DATA SHOWN ->
= = = =
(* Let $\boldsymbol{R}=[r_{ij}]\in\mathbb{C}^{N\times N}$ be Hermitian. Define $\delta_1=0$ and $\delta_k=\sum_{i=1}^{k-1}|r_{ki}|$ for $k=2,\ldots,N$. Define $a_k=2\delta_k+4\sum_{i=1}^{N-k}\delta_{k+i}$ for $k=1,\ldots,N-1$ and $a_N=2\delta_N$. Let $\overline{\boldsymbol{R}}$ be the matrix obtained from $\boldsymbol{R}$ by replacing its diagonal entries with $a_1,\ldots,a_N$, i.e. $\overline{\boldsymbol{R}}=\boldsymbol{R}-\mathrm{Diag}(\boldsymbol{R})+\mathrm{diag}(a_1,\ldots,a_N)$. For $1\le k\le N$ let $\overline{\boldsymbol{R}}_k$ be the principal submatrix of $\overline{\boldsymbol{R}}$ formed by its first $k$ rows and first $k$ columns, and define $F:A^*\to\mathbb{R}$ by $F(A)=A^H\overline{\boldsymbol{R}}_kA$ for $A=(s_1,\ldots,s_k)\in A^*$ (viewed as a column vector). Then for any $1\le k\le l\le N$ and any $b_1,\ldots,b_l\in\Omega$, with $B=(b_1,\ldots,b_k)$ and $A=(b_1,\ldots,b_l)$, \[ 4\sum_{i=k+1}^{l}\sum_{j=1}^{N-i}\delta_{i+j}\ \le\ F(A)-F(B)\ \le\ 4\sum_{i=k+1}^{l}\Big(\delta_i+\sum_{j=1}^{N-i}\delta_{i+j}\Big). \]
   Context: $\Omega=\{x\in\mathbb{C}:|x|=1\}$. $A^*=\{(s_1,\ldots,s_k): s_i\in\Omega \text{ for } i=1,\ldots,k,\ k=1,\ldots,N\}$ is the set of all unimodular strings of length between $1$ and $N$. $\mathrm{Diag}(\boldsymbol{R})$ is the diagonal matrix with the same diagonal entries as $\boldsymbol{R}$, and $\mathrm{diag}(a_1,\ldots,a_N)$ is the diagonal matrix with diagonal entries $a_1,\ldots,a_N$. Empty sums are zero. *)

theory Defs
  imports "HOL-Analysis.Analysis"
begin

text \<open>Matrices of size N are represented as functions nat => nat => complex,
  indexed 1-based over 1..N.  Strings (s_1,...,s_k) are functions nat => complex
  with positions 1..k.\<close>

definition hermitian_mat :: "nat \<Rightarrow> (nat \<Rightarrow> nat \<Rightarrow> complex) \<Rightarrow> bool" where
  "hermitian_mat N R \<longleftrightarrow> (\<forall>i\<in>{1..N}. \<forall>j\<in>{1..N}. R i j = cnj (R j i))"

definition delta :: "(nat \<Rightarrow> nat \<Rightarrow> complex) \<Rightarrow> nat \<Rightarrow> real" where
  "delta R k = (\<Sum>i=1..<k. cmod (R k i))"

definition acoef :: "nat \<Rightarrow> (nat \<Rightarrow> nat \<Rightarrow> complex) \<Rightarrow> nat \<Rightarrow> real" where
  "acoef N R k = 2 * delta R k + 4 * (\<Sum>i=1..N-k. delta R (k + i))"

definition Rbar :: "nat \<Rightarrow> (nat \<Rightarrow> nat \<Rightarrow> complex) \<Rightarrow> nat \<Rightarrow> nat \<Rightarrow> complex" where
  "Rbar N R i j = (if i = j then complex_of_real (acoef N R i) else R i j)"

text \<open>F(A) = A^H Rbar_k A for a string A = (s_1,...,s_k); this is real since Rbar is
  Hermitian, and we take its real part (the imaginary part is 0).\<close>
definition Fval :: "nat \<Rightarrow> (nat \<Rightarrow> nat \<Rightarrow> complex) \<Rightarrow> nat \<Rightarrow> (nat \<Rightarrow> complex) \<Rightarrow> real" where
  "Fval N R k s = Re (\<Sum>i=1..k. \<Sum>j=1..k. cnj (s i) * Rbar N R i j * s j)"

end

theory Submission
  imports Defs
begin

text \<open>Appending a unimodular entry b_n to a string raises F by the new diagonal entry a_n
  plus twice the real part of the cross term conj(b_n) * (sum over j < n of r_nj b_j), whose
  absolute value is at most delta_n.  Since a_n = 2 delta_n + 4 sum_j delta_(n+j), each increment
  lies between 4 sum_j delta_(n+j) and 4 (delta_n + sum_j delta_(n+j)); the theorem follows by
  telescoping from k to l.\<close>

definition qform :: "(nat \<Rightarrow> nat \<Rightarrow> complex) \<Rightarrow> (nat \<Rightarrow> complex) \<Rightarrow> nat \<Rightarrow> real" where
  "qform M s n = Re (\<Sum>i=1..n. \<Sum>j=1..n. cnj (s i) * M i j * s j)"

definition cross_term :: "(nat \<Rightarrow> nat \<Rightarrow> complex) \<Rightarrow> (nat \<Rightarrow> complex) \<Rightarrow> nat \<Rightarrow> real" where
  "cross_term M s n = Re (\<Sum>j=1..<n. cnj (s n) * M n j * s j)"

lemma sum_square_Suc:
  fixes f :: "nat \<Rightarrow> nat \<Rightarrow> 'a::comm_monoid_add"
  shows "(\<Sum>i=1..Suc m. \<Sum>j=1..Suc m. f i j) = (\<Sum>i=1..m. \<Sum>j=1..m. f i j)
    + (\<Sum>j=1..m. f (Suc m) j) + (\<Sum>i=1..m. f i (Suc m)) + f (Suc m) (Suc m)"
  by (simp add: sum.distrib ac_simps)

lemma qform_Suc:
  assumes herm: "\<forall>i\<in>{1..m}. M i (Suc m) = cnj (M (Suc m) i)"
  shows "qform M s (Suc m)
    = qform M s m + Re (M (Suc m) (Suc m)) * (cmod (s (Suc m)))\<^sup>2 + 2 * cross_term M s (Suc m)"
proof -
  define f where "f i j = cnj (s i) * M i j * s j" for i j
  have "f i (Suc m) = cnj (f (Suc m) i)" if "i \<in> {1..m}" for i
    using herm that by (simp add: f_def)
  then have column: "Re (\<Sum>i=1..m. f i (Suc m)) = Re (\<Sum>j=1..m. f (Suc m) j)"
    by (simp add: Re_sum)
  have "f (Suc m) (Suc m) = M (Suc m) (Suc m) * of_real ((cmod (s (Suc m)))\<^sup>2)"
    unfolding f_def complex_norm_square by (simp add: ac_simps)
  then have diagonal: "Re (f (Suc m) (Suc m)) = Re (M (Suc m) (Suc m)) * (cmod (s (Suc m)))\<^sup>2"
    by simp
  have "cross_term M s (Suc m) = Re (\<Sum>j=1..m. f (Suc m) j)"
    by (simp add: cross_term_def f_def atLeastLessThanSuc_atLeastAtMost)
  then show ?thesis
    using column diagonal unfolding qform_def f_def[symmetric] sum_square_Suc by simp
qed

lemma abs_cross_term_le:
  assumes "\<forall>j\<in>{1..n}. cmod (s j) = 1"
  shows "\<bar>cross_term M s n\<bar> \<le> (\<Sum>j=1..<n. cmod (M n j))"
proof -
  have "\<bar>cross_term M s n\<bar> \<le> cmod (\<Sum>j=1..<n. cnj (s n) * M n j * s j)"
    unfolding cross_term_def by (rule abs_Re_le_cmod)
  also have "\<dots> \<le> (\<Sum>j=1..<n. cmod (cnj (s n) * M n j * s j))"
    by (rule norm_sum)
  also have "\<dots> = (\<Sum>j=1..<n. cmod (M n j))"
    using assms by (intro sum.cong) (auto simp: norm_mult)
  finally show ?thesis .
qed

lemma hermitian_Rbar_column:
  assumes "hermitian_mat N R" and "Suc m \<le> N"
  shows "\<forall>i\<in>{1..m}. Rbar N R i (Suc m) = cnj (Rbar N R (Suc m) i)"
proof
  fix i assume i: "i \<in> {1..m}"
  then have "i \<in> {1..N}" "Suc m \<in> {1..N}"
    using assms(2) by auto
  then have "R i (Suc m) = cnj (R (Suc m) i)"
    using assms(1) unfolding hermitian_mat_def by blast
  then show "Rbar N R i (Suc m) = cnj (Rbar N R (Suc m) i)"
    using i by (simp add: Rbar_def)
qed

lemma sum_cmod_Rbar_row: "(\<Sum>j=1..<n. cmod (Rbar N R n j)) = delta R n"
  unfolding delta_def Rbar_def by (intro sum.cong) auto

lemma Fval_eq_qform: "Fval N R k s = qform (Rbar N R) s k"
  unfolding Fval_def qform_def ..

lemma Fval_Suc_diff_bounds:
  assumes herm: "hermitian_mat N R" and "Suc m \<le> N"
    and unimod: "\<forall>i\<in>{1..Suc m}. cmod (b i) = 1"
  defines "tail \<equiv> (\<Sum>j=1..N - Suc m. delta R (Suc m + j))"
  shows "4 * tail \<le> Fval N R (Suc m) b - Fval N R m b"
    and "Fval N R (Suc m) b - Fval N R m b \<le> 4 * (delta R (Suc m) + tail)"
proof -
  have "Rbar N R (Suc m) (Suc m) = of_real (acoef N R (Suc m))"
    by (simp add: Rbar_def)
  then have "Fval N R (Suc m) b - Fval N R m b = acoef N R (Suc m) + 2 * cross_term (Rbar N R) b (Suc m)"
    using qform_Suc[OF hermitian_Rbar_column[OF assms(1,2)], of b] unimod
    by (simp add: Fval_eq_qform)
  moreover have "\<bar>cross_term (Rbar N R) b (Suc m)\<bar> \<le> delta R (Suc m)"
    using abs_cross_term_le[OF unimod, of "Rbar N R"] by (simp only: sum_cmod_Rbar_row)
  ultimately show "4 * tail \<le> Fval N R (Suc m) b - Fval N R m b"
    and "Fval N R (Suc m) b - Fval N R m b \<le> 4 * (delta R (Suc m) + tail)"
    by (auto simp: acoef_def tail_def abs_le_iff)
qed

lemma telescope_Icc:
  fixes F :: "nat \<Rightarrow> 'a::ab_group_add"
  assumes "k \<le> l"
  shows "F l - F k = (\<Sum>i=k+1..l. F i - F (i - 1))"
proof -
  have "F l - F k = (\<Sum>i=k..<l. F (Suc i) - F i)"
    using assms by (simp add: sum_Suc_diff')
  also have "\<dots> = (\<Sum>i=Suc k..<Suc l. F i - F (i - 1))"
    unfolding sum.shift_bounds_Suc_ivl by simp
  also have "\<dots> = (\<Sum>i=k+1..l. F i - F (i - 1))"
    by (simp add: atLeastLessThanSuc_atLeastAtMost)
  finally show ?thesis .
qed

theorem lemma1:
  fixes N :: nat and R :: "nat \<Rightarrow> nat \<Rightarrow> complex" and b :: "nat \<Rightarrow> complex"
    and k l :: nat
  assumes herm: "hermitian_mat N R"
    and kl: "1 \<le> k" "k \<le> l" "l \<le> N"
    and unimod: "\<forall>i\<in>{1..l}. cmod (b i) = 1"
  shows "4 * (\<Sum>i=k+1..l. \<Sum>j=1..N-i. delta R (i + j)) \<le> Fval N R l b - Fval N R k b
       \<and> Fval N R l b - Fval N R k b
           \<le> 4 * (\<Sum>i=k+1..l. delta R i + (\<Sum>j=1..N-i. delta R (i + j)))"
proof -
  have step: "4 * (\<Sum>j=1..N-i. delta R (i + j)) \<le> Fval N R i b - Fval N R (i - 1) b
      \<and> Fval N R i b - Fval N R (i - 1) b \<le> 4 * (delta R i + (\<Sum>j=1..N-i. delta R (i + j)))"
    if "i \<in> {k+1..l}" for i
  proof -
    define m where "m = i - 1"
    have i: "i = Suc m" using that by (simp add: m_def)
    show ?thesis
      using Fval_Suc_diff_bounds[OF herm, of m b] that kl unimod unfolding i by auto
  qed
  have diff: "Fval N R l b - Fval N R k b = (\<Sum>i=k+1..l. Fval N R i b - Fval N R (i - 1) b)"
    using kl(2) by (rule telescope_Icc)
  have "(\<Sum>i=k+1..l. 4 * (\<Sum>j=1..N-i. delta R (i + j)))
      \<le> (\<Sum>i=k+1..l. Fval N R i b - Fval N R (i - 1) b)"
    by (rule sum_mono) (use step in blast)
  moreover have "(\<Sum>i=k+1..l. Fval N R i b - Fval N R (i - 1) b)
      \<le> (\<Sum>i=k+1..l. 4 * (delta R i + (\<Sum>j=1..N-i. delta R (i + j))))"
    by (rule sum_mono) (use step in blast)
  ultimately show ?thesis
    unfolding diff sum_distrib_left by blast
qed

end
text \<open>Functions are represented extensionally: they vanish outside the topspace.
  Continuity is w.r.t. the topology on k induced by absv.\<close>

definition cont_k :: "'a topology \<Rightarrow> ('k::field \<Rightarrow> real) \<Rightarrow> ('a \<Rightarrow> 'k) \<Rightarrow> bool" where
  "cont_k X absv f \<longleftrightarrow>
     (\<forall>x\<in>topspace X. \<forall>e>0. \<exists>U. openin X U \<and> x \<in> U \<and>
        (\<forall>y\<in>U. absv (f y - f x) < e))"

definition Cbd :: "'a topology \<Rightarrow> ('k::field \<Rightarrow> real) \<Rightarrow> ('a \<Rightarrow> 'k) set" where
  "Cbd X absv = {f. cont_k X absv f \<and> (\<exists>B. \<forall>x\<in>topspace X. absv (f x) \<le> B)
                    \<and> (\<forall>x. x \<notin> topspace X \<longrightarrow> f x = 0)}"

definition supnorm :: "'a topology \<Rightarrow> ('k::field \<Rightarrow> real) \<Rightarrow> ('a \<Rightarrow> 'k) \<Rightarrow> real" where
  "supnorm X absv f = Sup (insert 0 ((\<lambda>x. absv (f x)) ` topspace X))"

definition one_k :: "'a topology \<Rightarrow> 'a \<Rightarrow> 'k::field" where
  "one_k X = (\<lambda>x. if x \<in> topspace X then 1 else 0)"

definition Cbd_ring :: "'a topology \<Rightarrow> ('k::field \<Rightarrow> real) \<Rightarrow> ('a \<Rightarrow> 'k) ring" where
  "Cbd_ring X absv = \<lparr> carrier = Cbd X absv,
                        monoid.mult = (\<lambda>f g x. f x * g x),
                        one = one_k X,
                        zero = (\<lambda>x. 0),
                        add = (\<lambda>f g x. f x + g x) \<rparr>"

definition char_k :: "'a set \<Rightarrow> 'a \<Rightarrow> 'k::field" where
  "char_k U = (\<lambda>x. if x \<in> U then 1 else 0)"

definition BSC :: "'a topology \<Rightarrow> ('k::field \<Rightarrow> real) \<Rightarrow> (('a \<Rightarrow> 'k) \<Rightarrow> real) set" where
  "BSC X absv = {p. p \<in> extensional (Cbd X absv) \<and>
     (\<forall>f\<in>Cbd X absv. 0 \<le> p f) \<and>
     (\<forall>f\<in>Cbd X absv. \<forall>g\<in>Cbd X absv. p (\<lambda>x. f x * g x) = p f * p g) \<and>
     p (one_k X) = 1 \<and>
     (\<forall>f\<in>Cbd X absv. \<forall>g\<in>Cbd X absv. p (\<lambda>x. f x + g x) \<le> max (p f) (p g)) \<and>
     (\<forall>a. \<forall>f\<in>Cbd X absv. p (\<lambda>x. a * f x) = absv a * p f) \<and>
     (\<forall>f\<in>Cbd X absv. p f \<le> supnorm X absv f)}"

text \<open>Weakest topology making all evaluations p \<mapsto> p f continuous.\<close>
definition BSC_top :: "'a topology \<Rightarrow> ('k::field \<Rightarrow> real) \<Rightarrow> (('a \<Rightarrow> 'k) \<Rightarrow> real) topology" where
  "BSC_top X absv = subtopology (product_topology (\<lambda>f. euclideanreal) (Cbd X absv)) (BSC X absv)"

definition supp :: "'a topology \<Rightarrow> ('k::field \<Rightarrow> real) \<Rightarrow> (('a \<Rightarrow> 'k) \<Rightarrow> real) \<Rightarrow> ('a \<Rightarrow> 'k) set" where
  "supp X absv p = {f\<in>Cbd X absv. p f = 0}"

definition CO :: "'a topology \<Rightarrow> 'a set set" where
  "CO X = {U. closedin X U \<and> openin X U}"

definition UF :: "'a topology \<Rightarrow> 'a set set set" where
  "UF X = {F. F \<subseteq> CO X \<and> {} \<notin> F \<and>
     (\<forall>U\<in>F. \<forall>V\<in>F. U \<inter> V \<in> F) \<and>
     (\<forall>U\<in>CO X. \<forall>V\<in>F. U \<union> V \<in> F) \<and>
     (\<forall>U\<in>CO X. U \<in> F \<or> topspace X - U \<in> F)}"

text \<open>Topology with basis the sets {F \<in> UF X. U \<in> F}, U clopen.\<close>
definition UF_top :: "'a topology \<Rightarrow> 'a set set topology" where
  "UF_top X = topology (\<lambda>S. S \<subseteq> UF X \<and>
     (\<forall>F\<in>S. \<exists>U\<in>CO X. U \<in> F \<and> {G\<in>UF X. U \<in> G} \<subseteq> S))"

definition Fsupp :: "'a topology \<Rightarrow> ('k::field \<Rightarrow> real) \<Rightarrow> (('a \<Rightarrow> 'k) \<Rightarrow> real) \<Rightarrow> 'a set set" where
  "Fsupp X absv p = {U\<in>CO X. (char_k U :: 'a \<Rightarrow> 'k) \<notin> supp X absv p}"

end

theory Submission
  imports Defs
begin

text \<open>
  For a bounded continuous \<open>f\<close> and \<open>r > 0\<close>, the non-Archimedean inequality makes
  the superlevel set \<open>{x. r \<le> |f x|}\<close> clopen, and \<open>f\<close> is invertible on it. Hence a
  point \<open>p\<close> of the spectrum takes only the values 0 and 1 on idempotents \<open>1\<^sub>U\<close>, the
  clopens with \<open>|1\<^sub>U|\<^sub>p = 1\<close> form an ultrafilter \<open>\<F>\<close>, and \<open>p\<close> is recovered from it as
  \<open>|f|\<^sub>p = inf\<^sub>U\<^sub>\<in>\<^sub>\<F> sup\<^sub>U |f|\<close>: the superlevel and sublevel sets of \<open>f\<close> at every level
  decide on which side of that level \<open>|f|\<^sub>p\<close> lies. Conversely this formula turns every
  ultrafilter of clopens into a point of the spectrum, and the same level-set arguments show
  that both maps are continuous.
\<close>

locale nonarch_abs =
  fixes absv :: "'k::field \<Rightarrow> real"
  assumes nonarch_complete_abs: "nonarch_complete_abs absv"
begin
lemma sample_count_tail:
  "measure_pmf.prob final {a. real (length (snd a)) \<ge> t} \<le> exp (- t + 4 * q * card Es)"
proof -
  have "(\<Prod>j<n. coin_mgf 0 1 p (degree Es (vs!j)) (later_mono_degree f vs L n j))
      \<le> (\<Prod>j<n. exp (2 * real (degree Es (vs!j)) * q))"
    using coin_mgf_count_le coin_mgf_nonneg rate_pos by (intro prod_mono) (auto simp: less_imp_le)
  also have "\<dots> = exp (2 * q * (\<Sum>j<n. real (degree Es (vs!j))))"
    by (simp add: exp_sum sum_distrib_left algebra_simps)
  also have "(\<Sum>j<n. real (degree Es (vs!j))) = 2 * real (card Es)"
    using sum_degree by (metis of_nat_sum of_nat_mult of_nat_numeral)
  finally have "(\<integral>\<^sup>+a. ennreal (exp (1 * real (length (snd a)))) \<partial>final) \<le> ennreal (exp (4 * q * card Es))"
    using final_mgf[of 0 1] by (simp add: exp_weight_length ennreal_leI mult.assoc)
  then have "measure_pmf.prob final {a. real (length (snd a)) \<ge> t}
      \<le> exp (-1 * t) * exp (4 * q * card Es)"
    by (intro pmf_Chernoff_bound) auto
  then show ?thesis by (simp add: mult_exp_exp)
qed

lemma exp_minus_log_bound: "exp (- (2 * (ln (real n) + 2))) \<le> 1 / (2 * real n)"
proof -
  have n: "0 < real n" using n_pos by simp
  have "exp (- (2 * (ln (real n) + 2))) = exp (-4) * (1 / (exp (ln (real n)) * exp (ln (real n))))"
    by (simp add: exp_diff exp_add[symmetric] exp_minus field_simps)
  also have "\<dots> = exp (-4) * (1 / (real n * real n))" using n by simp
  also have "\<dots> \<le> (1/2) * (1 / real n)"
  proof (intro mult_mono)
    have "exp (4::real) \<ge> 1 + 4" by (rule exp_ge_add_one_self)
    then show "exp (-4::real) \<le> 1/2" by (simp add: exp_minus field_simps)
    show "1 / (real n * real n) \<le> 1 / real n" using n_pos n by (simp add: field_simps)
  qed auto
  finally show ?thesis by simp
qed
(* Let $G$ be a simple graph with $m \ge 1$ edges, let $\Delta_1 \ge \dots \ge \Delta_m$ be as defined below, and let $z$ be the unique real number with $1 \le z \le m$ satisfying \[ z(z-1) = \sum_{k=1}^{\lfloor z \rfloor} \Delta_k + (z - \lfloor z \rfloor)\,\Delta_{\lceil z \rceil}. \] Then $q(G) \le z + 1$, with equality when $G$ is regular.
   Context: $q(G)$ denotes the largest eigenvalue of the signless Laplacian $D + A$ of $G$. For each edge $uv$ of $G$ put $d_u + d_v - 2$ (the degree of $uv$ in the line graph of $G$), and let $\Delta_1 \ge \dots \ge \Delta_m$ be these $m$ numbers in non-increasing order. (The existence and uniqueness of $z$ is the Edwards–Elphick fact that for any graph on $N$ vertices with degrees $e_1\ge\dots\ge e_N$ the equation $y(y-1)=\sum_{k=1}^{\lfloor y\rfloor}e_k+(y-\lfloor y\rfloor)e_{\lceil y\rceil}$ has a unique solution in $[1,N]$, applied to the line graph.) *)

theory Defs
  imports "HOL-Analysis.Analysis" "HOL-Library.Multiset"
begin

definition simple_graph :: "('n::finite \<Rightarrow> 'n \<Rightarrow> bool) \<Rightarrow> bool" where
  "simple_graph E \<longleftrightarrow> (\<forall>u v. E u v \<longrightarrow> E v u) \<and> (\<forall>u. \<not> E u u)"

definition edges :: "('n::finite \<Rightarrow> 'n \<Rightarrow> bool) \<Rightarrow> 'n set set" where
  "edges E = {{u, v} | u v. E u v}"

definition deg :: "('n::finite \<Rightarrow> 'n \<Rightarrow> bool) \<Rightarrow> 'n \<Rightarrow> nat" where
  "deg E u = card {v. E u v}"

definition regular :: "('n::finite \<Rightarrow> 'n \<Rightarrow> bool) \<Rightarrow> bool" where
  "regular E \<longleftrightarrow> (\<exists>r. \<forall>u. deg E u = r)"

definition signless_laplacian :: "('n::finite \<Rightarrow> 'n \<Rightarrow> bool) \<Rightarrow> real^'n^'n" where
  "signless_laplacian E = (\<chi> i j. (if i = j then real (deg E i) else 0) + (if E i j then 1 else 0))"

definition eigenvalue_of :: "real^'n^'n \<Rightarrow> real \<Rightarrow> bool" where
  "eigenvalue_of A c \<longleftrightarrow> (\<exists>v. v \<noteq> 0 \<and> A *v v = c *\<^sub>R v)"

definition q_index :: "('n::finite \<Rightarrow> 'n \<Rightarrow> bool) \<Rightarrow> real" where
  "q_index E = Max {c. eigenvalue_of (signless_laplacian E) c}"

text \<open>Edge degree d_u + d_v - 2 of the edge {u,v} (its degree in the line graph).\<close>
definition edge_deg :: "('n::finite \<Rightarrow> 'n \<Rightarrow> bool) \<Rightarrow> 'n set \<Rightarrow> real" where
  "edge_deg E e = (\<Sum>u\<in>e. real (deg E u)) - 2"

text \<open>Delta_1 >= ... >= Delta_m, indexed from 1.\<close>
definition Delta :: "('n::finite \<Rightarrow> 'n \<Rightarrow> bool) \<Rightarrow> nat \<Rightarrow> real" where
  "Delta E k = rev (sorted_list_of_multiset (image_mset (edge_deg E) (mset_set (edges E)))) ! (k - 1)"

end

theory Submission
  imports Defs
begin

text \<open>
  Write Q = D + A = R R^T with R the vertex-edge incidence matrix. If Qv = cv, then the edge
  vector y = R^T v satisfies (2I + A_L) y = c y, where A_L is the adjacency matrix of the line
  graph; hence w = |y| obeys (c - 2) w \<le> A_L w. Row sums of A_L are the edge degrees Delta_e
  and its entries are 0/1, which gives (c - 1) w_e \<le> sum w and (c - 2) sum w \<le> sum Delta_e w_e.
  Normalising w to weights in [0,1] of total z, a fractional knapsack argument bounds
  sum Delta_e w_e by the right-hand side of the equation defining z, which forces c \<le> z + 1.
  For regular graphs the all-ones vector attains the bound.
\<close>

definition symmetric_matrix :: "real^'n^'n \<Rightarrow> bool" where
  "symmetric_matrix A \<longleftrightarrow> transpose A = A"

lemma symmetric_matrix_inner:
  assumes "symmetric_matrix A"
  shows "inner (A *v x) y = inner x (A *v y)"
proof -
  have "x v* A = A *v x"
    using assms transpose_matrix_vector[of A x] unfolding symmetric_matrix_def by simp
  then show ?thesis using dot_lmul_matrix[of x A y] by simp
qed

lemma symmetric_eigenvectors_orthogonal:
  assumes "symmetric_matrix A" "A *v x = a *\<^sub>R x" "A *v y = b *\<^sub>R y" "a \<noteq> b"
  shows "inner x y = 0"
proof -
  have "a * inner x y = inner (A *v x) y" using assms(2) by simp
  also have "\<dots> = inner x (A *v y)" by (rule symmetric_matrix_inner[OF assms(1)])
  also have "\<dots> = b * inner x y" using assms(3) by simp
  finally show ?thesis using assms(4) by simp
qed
= = = =
WHAT THE TASK REQUIRES ->
Copy the lines of the data above exactly as written, beginning with the line containing "absv = subtopology" and ending with the line containing "clopens with \<open>|1\<^sub>U|\<^sub>p", and leave out all other lines.

SOLUTION TO THIS PROBLEM ->
  "BSC_top X absv = subtopology (product_topology (\<lambda>f. euclideanreal) (Cbd X absv)) (BSC X absv)"

definition supp :: "'a topology \<Rightarrow> ('k::field \<Rightarrow> real) \<Rightarrow> (('a \<Rightarrow> 'k) \<Rightarrow> real) \<Rightarrow> ('a \<Rightarrow> 'k) set" where
  "supp X absv p = {f\<in>Cbd X absv. p f = 0}"

definition CO :: "'a topology \<Rightarrow> 'a set set" where
  "CO X = {U. closedin X U \<and> openin X U}"

definition UF :: "'a topology \<Rightarrow> 'a set set set" where
  "UF X = {F. F \<subseteq> CO X \<and> {} \<notin> F \<and>
     (\<forall>U\<in>F. \<forall>V\<in>F. U \<inter> V \<in> F) \<and>
     (\<forall>U\<in>CO X. \<forall>V\<in>F. U \<union> V \<in> F) \<and>
     (\<forall>U\<in>CO X. U \<in> F \<or> topspace X - U \<in> F)}"

text \<open>Topology with basis the sets {F \<in> UF X. U \<in> F}, U clopen.\<close>
definition UF_top :: "'a topology \<Rightarrow> 'a set set topology" where
  "UF_top X = topology (\<lambda>S. S \<subseteq> UF X \<and>
     (\<forall>F\<in>S. \<exists>U\<in>CO X. U \<in> F \<and> {G\<in>UF X. U \<in> G} \<subseteq> S))"

definition Fsupp :: "'a topology \<Rightarrow> ('k::field \<Rightarrow> real) \<Rightarrow> (('a \<Rightarrow> 'k) \<Rightarrow> real) \<Rightarrow> 'a set set" where
  "Fsupp X absv p = {U\<in>CO X. (char_k U :: 'a \<Rightarrow> 'k) \<notin> supp X absv p}"

end

theory Submission
  imports Defs
begin

text \<open>
  For a bounded continuous \<open>f\<close> and \<open>r > 0\<close>, the non-Archimedean inequality makes
  the superlevel set \<open>{x. r \<le> |f x|}\<close> clopen, and \<open>f\<close> is invertible on it. Hence a
  point \<open>p\<close> of the spectrum takes only the values 0 and 1 on idempotents \<open>1\<^sub>U\<close>, the
  clopens with \<open>|1\<^sub>U|\<^sub>p = 1\<close> form an ultrafilter \<open>\<F>\<close>, and \<open>p\<close> is recovered from it as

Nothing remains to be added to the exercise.